The language I use for NCL has changed since its early years and even since LDD. The early language surrounding NCL related to the terms and concepts emerging from the developing field of asynchronous design. Terms such as handshake, register, combinational logic, clockless and the word asynchronous itself. One problem with these words is that they all either negatively or non discriminatingly relate to clocked Boolean design. A handshake is a replacement for the clock. The register and the combinational logic are the same registers and combinational logics as occur in clocked Boolean design. Clockless means without a clock. If there is no clock then what is there? Asynchronous means not synchronized; so how does it actually work? This non-characterizing terminology is, itself, a major impediment to understanding and acceptance.

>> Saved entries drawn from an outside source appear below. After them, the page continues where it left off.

lemma is_path_Cons_Cons:
  "is_path E (x # y # zs) \<longleftrightarrow> adj E x y \<and> x \<notin> set (y # zs) \<and> is_path E (y # zs)"
proof -
  have "(\<forall>i. Suc i < length (x # y # zs) \<longrightarrow> P i) \<longleftrightarrow>
        P 0 \<and> (\<forall>i. Suc i < length (y # zs) \<longrightarrow> P (Suc i))" for P
    by (metis Suc_less_eq length_Cons not0_implies_Suc zero_less_Suc)
  then show ?thesis unfolding is_path_def by auto
qed

lemma collider_free_short: "length xs \<le> 2 \<Longrightarrow> collider_free E xs"
  unfolding collider_free_def by auto

lemma collider_free_Cons_Cons_Cons:
  "collider_free E (x # y # z # zs) \<longleftrightarrow>
     \<not> ((x, y) \<in> E \<and> (z, y) \<in> E) \<and> collider_free E (y # z # zs)"
  (is "collider_free E ?xs \<longleftrightarrow> ?head \<and> collider_free E ?ys")
proof
  assume cf: "collider_free E ?xs"
  show "?head \<and> collider_free E ?ys"
  proof
    show ?head using cf[unfolded collider_free_def, rule_format, of 1] by simp
    show "collider_free E ?ys" unfolding collider_free_def
    proof (intro allI impI)
      fix i assume "0 < i \<and> Suc i < length ?ys"
      with cf[unfolded collider_free_def, rule_format, of "Suc i"]
      show "\<not> ((?ys ! (i - 1), ?ys ! i) \<in> E \<and> (?ys ! Suc i, ?ys ! i) \<in> E)"
        by (cases i) auto
    qed
  qed
next
  assume rhs: "?head \<and> collider_free E ?ys"
  show "collider_free E ?xs" unfolding collider_free_def
  proof (intro allI impI)
    fix i assume i: "0 < i \<and> Suc i < length ?xs"
    then obtain j where j: "i = Suc j" using gr0_implies_Suc by blast
    show "\<not> ((?xs ! (i - 1), ?xs ! i) \<in> E \<and> (?xs ! Suc i, ?xs ! i) \<in> E)"
    proof (cases j)
      case 0
      then show ?thesis using rhs j by simp
    next
      case (Suc k)
      then show ?thesis
        using rhs[THEN conjunct2, unfolded collider_free_def, rule_format, of j] i j by simp
    qed
  qed
qed

lemma collider_free_tl: "collider_free E (x # xs) \<Longrightarrow> collider_free E xs"
proof (cases xs)
  case (Cons y ys)
  assume "collider_free E (x # xs)"
  then show ?thesis
    using Cons collider_free_Cons_Cons_Cons[of E x y] collider_free_short[of "[y]" E]
    by (cases ys) auto
qed (simp add: collider_free_short)

lemma collider_free_drop: "collider_free E xs \<Longrightarrow> collider_free E (drop k xs)"
proof (induction k arbitrary: xs)
  case (Suc k)
  then show ?case
    by (cases xs) (auto simp: collider_free_short dest: collider_free_tl)
qed simp

lemma is_path_rev: "is_path E xs \<Longrightarrow> is_path E (rev xs)"
  unfolding is_path_def
proof (elim conjE, intro conjI allI impI)
  assume adjs: "\<forall>i. Suc i < length xs \<longrightarrow> adj E (xs ! i) (xs ! Suc i)"
  fix i assume i: "Suc i < length (rev xs)"
  define k where "k = length xs - Suc (Suc i)"
  have "rev xs ! i = xs ! Suc k" "rev xs ! Suc i = xs ! k"
    using i unfolding k_def by (simp_all add: rev_nth Suc_diff_Suc)
  moreover have "Suc k < length xs" using i unfolding k_def by simp
  ultimately show "adj E (rev xs ! i) (rev xs ! Suc i)"
    using adjs unfolding adj_def by auto
qed auto

lemma collider_free_rev: "collider_free E xs \<Longrightarrow> collider_free E (rev xs)"
  unfolding collider_free_def
proof (intro allI impI)
  assume cf: "\<forall>j. 0 < j \<and> Suc j < length xs \<longrightarrow>
    \<not> ((xs ! (j - 1), xs ! j) \<in> E \<and> (xs ! Suc j, xs ! j) \<in> E)"
  fix i assume i: "0 < i \<and> Suc i < length (rev xs)"
  define j where "j = length xs - Suc i"
  have "rev xs ! i = xs ! j" "rev xs ! Suc i = xs ! (j - 1)" "rev xs ! (i - 1) = xs ! Suc j"
    using i unfolding j_def by (auto simp: rev_nth Suc_diff_Suc)
  moreover have "0 < j \<and> Suc j < length xs" using i unfolding j_def by auto
  ultimately show "\<not> ((rev xs ! (i - 1), rev xs ! i) \<in> E \<and> (rev xs ! Suc i, rev xs ! i) \<in> E)"
    using cf by auto
qed

lemma is_trek_refl: "is_trek E v v"
  unfolding is_trek_def is_path_def using collider_free_short[of "[v]" E] by force

lemma is_trek_sym: "is_trek E v w \<Longrightarrow> is_trek E w v"
proof -
  assume "is_trek E v w"
  then obtain xs where xs: "is_path E xs" "collider_free E xs" "hd xs = v" "last xs = w"
    unfolding is_trek_def by blast
  then have "xs \<noteq> []" unfolding is_path_def by blast
  then have "hd (rev xs) = w" "last (rev xs) = v" using xs(3,4) by (simp_all add: hd_rev last_rev)
  then show ?thesis
    unfolding is_trek_def using is_path_rev[OF xs(1)] collider_free_rev[OF xs(2)]
    by (intro exI[of _ "rev xs"] conjI)
qed

lemma collider_free_path_forward:
  "is_path E (x # y # zs) \<Longrightarrow> collider_free E (x # y # zs) \<Longrightarrow> (x, y) \<in> E
   \<Longrightarrow> (x, last (y # zs)) \<in> E\<^sup>*"
proof (induction zs arbitrary: x y)
  case (Cons z zs)
  have path: "adj E y z" "is_path E (y # z # zs)"
    using Cons.prems(1) unfolding is_path_Cons_Cons[of E x] is_path_Cons_Cons[of E y] by simp_all
  have "(z, y) \<notin> E"
    using Cons.prems(2,3) unfolding collider_free_Cons_Cons_Cons by simp
  with path(1) have "(y, z) \<in> E" unfolding adj_def by simp
  with Cons.IH[OF path(2) collider_free_tl[OF Cons.prems(2)]]
  have "(y, last (z # zs)) \<in> E\<^sup>*" .
  then show ?case using Cons.prems(3) by simp
qed simp

lemma path_common_ancestor:
  "is_path E xs \<Longrightarrow> collider_free E xs \<Longrightarrow> common_ancestor E (hd xs) (last xs)"
proof (induction xs rule: induct_list012)
  case 1
  then show ?case by (simp add: is_path_def)
next
  case (2 x)
  then show ?case by (simp add: common_ancestor_refl)
next
  case (3 x y zs)
  have "adj E x y" and path: "is_path E (y # zs)"
    using "3.prems"(1) unfolding is_path_Cons_Cons by simp_all
  show ?case
  proof (cases "(x, y) \<in> E")
    case True
    with "3.prems" have "(x, last (y # zs)) \<in> E\<^sup>*"
      by (rule collider_free_path_forward)
    then show ?thesis unfolding common_ancestor_def by auto
  next
    case False
    with \<open>adj E x y\<close> have "(y, x) \<in> E" unfolding adj_def by blast
    obtain c where "(c, y) \<in> E\<^sup>*" "(c, last (y # zs)) \<in> E\<^sup>*"
      using "3.IH"(2)[OF path collider_free_tl[OF "3.prems"(2)]]
      unfolding common_ancestor_def by auto
    moreover from this(1) \<open>(y, x) \<in> E\<close> have "(c, x) \<in> E\<^sup>*"
      by (rule rtrancl_into_rtrancl)
    ultimately show ?thesis unfolding common_ancestor_def by auto
  qed
qed

lemma is_trek_child:
  assumes "acyclic E" "(u, v) \<in> E" "is_trek E u w"
  shows "is_trek E v w"
proof -
  obtain xs where xs: "is_path E xs" "collider_free E xs" "hd xs = u" "last xs = w"
    using assms(3) unfolding is_trek_def by blast
  then obtain ys where ys: "xs = u # ys" unfolding is_path_def by (cases xs) auto
  show ?thesis
  proof (cases "v \<in> set xs")
    case True
    then obtain k where k: "k < length xs" "xs ! k = v" by (auto simp: in_set_conv_nth)
    have "is_path E (drop k xs)" using xs(1) k(1) unfolding is_path_def by auto
    moreover have "hd (drop k xs) = v" "last (drop k xs) = w"
      using k xs(4) by (simp_all add: hd_drop_conv_nth)
    ultimately show ?thesis
      unfolding is_trek_def using collider_free_drop[OF xs(2)] by blast
  next
    case False
    have "(v, u) \<notin> E"
    proof
      assume "(v, u) \<in> E"
      then have "(u, u) \<in> E\<^sup>+" using assms(2) by (rule trancl_into_trancl[OF r_into_trancl, rotated])
      with assms(1) show False unfolding acyclic_def by blast
    qed
    have cf: "collider_free E (v # u # ys)"
    proof (cases ys)
      case Nil
      then show ?thesis by (simp add: collider_free_short)
    next
      case Cons
      then show ?thesis
        using \<open>(v, u) \<notin> E\<close> xs(2) ys by (simp add: collider_free_Cons_Cons_Cons)
    qed
    have path: "is_path E (v # u # ys)"
      using xs(1) ys False assms(2) by (simp add: is_path_Cons_Cons adj_def)
    show ?thesis
      unfolding is_trek_def
      by (rule exI[of _ "v # u # ys"]) (use cf path xs(4) ys in simp)
  qed
qed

The positive aspect of NCL is that it is a complete, coherent and sufficient logic that can express an entire system in terms of NCL logical relationships. Hence,
NCL is “logically determined” in contrast to just “not synchronized”.
While a designer can individually express combinational logic, handshakes and registers in terms of NCL confusing NCL with other asynchronous design methods and even RTL, the fact that they are all expressed in the same logic means that they can all be optimized together forming an integrated logical structure in which such elements can no longer be individually identified. “Registers” and “handshakes” get mixed up with the “combinational logic” and NCL backward “handshake” path can become complex combinational logic structures in themselves. These terms do not satisfactorily characterize NCL.
The component structure that remains evident through all configurations of NCL is that of ring oscillations linked through logical completeness relations. Every NCL circuit fulfills the completeness criterion and is cyclic. The cycle is closed with a completeness signal with a single inversion forming a ring oscillation. Hence, NCL in its most general characterization is
a structure of ring oscillations linked with logical completeness relations.
Linked ring oscillations each individually striving to oscillate, shepherding the spontaneous flow of data waves from oscillation to oscillation, coordinated by completeness relations forms a model of computation that is at once both abstract and real. The structure of linked oscillations forms a computation flow structure and the NCL logical completeness relations coordinate the flow of computation: a live algebraic equation, not sequenced, not clocked, just a spontaneously behaving equation – spontaneously interacting symbols.
To ramble on a bit, the NCL model of computation relates to much more than manipulating abstract symbols. Oscillations spontaneously arise in nature and spontaneously link. The chemical cycles of biology are one example. An NCL multi-rail variable might have a thousand or more mutually exclusive rails. The rails of a multitude of variables might interconnect through a massive network of threshold operators forming a complex structure of linked oscillations. An observable characteristic of such a structure might be a background alpha hum or beta hum. NCL engenders an abstract model of computation which directly relates to natural forms of computation and which can assume a structure very much like the structure of a biological brain.
So thinking of NCL in terms of combinational circuits between registers coordinated by handshakes just limits appreciation of the expressivity of NCL and of its conceptual possibilities.
This site elaborates the notion of linked ring oscillations as the fundamental computational structure of NCL and as a fundamental model of computation both abstract and real. There is no mention of registers or handshakes. No use of the words asynchronous or clockless.